Precision Medicine & Targeted Therapies

2026 marks a pivotal year for precision medicine as antibody-drug conjugates (ADCs), cell and gene therapies (CGTs) and next-generation sequencing (NGS) transition from breakthrough science to commercial maturity.

ADCs, which combine cytotoxic payloads with tumour-specific antibodies, are resurging as safer, more targeted oncology therapies. Bain reported in 2026 that ADCs account for approximately 40% of antibody transactions, underscoring their growing strategic importance (24). Deal activity is rising, exemplified by Roche’s $570 million agreement with Medlink in January 2026 and InduPro announcing early this year a strategic with Eli Lilly to develop first-in-class multispecific oncology therapeutics (25).

CGTs are shifting towards operational scale and commercial execution rather than pure pipeline expansion. Advances in allogeneic CAR-T, CAR-NK, induced pluripotent stem cell platforms, and bioprocess automation are supporting scalability and cost efficiency (26). Moreover, expansion into autoimmune diseases is further increasing demand for robust T-cell engineering, activation and immunophenotyping capabilities (26).

NGS remains central to precision medicine, with rare diseases emerging as a key 2026 growth driver beyond oncology. Illumina’s mapped-read technology for NovaSeq X enhances short-read sequencing with long-range information, improving detection of complex structural variants and enabling more genome sequencing (27).

Together, these advances signal a shift from innovation to implementation, where success will depend not only on therapeutic breakthroughs but on scalable manufacturing, advanced analytics and data infrastructure that enable real-world deployment.

Gene Editing & Next-Generation Therapies

Gene editing is moving from experimental promise to clinically validated modality. The 2023 approval of the CRISPR therapy Casgevy for sickle cell disease demonstrated real-world feasibility and commercial potential, accelerating investment and innovation (28).
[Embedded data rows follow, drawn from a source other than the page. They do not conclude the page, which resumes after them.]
(* Let $Q$ be a groupoid quantale with base locale $A$ and let $X$ be a principal $Q$-locale over a locale $M$. Then $X$ is a fully open principal $G$-bundle over $M$, where $G=\mathcal G(Q)$ is the open groupoid of $Q$ (with anchor $p$ given by $p^*(a)=a\triangleright1_X$, action $a_X$ with $a_X^*(x)=\bigvee_{q\cdot y\le x}q\otimes y$, and bundle map $\pi:X\to M$ the open surjection whose direct image is $\tilde\varsigma$).
   Context: Let $A$ be a locale. A groupoid quantale $Q$ (base locale $A$) is an involutive quantale which is an $A$-$A$-bimodule (actions $a\triangleright q$, $q\triangleleft a$) with $(a\triangleright x)y=a\triangleright(xy)$, $(x\triangleleft a)y=x(a\triangleright y)$, $(xy)\triangleleft a=x(y\triangleleft a)$, $(a\triangleright x\triangleleft b)^*=b\triangleright x^*\triangleleft a$; a frame with $(a\triangleright q)\wedge m=a\triangleright(q\wedge m)$, $m\wedge(q\triangleleft a)=(q\wedge m)\triangleleft a$; equipped with a sup-lattice homomorphism $\varsigma_Q:Q\to A$ with $\varsigma_Q(1_Q)=1_A$, $\varsigma_Q(x)\triangleright y\le xx^*y$, $\varsigma_Q(x)\triangleright x=x$, $\varsigma_Q(a\triangleright x)=a\wedge\varsigma_Q(x)$, and a frame homomorphism $\upsilon:Q\to A$ with $\upsilon(a\triangleright1_Q)=a=\upsilon(1_Q\triangleleft a)$; the right adjoint of $Q\otimes_AQ\to Q$ preserves joins; $\bigvee_{xy\le a}\upsilon(x)\triangleright y=a$, $\upsilon(a)\triangleright1_Q=\bigvee_{xx^*\le a}x$. Its open groupoid $G=\mathcal G(Q)$ has $\mathcal O(G_1)=Q$, $\mathcal O(G_0)=A$, $d^*(a)=a\triangleright1_Q$, $r^*(a)=1_Q\triangleleft a$, $d_!=\varsigma_Q$, $u^*=\upsilon$, with quantale $\mathcal O(G)=Q$. A $Q$-module is a locale $X$ with a left $Q$-action $q\cdot x$ and unital left $A$-module structure $a\triangleright x$ with $(a\triangleright q)\cdot x=a\triangleright(q\cdot x)$, $(q\triangleleft a)\cdot x=q\cdot(a\triangleright x)$, $a\triangleright(x\wedge y)=(a\triangleright x)\wedge y$. A pre-Hilbert $Q$-module has $\langle-,-\rangle:X\times X\to Q$ with $\langle q\cdot x,y\rangle=q\langle x,y\rangle$, $a\triangleright\langle x,1_X\rangle=\langle a\triangleright x,1_X\rangle$, $\langle\bigvee x_\alpha,y\rangle=\bigvee\langle x_\alpha,y\rangle$, $\langle x,y\rangle=\langle y,x\rangle^*$. A stably supported $Q$-module has in addition a monotone $\varsigma_X:X\to A$ with $\varsigma_X(1_X)=1_A$, $\varsigma_X(x)\triangleright1_X\le\langle x,x\rangle\cdot1_X$, $\varsigma_X(x)\triangleright x=x$, $\varsigma_X(q\cdot x)\le\varsigma_Q(q)$. With $Q\otimes_AX$ the quotient of $Q\otimes X$ by $(q\triangleleft a)\otimes x=q\otimes(a\triangleright x)$, a $Q$-locale is a stably supported $Q$-module such that $\alpha_*:X\to Q\otimes_AX$, $\alpha_*(x)=\bigvee_{q\cdot y\le x}q\otimes y$, preserves joins, and $\bigvee_{q\cdot y\le x}\upsilon(q)\triangleright y=x$ for all $x$. A principal $Q$-locale over a locale $M$ is a $Q$-locale $X$ such that (P1) $X$ is an open $M$-locale, i.e. there is an open map of locales $\pi:X\to M$, with direct image $\tilde\varsigma=\pi_!$ satisfying $\tilde\varsigma(1_X)=1_M$; (P2) $\tilde\varsigma(q\cdot x)=\tilde\varsigma(\varsigma_Q(q^* )\triangleright x)$ for all $q\in Q$, $x\in X$; (P3) the map $\varphi:X\otimes_MX\to Q\otimes_AX$, $\varphi(x\otimes y)=\bigvee_{q\cdot z\le x}q\otimes(z\wedge y)$, is a frame isomorphism. For an open groupoid $G$, a $G$-locale is a locale $X$ with anchor $p:X\to G_0$ and associative unital action $a:G_1\times_{G_0}X\to X$ with $p\circ a=r\circ\pi_1$. A principal $G$-bundle over $M$ is a $G$-locale with $\pi:X\to M$, $\pi\circ a=\pi\circ\pi_2$, $\langle a,\pi_2\rangle:G_1\times_{G_0}X\to X\times_MX$ an isomorphism and $\pi$ an open surjection; it is fully open if moreover $p$ is an open surjection. *)

theory Defs
  imports Main
begin
lemma measure_Unif_cube_cshift_neq_translate:
  assumes "0 < \<theta>" "\<delta> < \<theta>" "\<And>i. i < n \<Longrightarrow> \<bar>d i\<bar> \<le> \<delta>"
  shows "measure (Unif_cube \<theta> n) (\<Union>i<n. (\<lambda>t. t i) -`
      {s. cshift \<theta> (if 0 \<le> d i then d i else d i + \<theta>) s \<noteq> s + d i} \<inter> space (Unif_cube \<theta> n))
    \<le> real n * \<delta> / \<theta>"
proof -
  interpret P: prob_space "Unif_cube \<theta> n"
    using assms(1) by (rule prob_space_Unif_cube)
  define Bad where "Bad i = (\<lambda>t. t i) -`
    {s. cshift \<theta> (if 0 \<le> d i then d i else d i + \<theta>) s \<noteq> s + d i} \<inter> space (Unif_cube \<theta> n)" for i
  have "Bad i \<in> P.events" if "i < n" for i
    unfolding Bad_def using that sets_borel_cshift_neq_translate
    by (intro measurable_sets[OF measurable_component_singleton]) auto
  then have "P.prob (\<Union>i<n. Bad i) \<le> (\<Sum>i<n. P.prob (Bad i))"
    by (intro P.finite_measure_subadditive_finite) auto
  also have "\<dots> \<le> (\<Sum>i<n. \<delta> / \<theta>)"
  proof (rule sum_mono)
    fix i assume "i \<in> {..<n}"
    then have "P.prob (Bad i) = measure (Unif \<theta>)
        {s. cshift \<theta> (if 0 \<le> d i then d i else d i + \<theta>) s \<noteq> s + d i}"
      unfolding Bad_def using assms(1)
      by (intro measure_Unif_cube_component sets_borel_cshift_neq_translate) auto
    also have "\<dots> \<le> \<bar>d i\<bar> / \<theta>"
      using assms(1,2) assms(3)[of i] \<open>i \<in> {..<n}\<close> by (intro measure_Unif_cshift_neq_translate) auto
    also have "\<dots> \<le> \<delta> / \<theta>"
      using assms \<open>i \<in> {..<n}\<close> by (simp add: divide_right_mono)
    finally show "P.prob (Bad i) \<le> \<delta> / \<theta>" .
  qed
  finally show ?thesis
    by (simp add: Bad_def)
qed

lemma measure_chan_le_near:
  assumes "0 < \<theta>" "E \<in> sets (torus n)" "\<delta> < \<theta>" "\<And>i. i < n \<Longrightarrow> \<bar>x i - y i\<bar> \<le> \<delta>"
  shows "measure (chan \<theta> n x) E \<le> measure (chan \<theta> n y) E + real n * \<delta> / \<theta>"
proof -
  define d where "d i = x i - y i" for i
  define c where "c i = (if 0 \<le> d i then d i else d i + \<theta>)" for i
  let ?P = "Unif_cube \<theta> n"
  interpret P: prob_space ?P
    using assms(1) by (rule prob_space_Unif_cube)
  define Bad where "Bad = (\<Union>i<n. (\<lambda>t. t i) -` {s. cshift \<theta> (c i) s \<noteq> s + d i} \<inter> space ?P)"
  have "P.prob Bad \<le> real n * \<delta> / \<theta>"
    unfolding Bad_def c_def d_def using assms(1,3,4) by (rule measure_Unif_cube_cshift_neq_translate)
  moreover have "P.prob (torus_add n x -` E \<inter> space ?P) \<le> P.prob (torus_add n y -` E \<inter> space ?P) + P.prob Bad"
  proof (rule P.prob_le_coupling[OF measurable_cshift_vec distr_Unif_cube_cshift_vec
        measurable_torus_add measurable_torus_add assms(2)])
    show "0 \<le> c i \<and> c i < \<theta>" if "i < n" for i
      using assms(3) assms(4)[OF that] by (auto simp: c_def d_def)
    show "Bad \<in> P.events"
      unfolding Bad_def using sets_borel_cshift_neq_translate
      by (intro sets.finite_UN measurable_sets[OF measurable_component_singleton]) auto
    show "torus_add n x t = torus_add n y (cshift_vec \<theta> n c t)" if "t \<in> space ?P - Bad" for t
      using that by (auto simp: torus_add_def cshift_vec_def Bad_def d_def algebra_simps)
  qed (use assms(1) in auto)
  ultimately show ?thesis
    using assms(2) by (simp add: measure_chan)
qed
Next-generation approaches, including base and prime editing, enable precise nucleotide changes without double-strand DNA breaks, indicating continued innovation (26). Reflecting growing commercial confidence, Seamless Therapeutics announced a $1.1 billion partnership with Eli Lilly in January 2026 to develop recombinase-based gene editing therapies for genetic hearing loss (29).

Viral delivery technologies are also advancing, with vectors such as AAV and lentivirus being re-engineered to improve safety and tissue targeting. In February 2026, OXB expanded its partnership with Bristol Myers Squibb to supply lentiviral vectors for CAR-T programmes, highlighting growing demand for scalable delivery platforms (30).

Likewise, non-viral systems, particularly lipid nanoparticles (LNPs), are gaining traction as flexible delivery platforms. New formulations using alternative structural lipids enhance stability and delivery efficiency, expanding the toolkit for nucleic acid delivery in research settings (31).

In 2026, gene editing’s bottleneck is no longer the ability to edit DNA, but the ability to deliver those edits safely, precisely and at scale.

Bioinformatics & Big Data in Biotech

Bioinformatics is being transformed by AI integration and advanced computational tools enabling advancements in genomic sequencing and drug discovery.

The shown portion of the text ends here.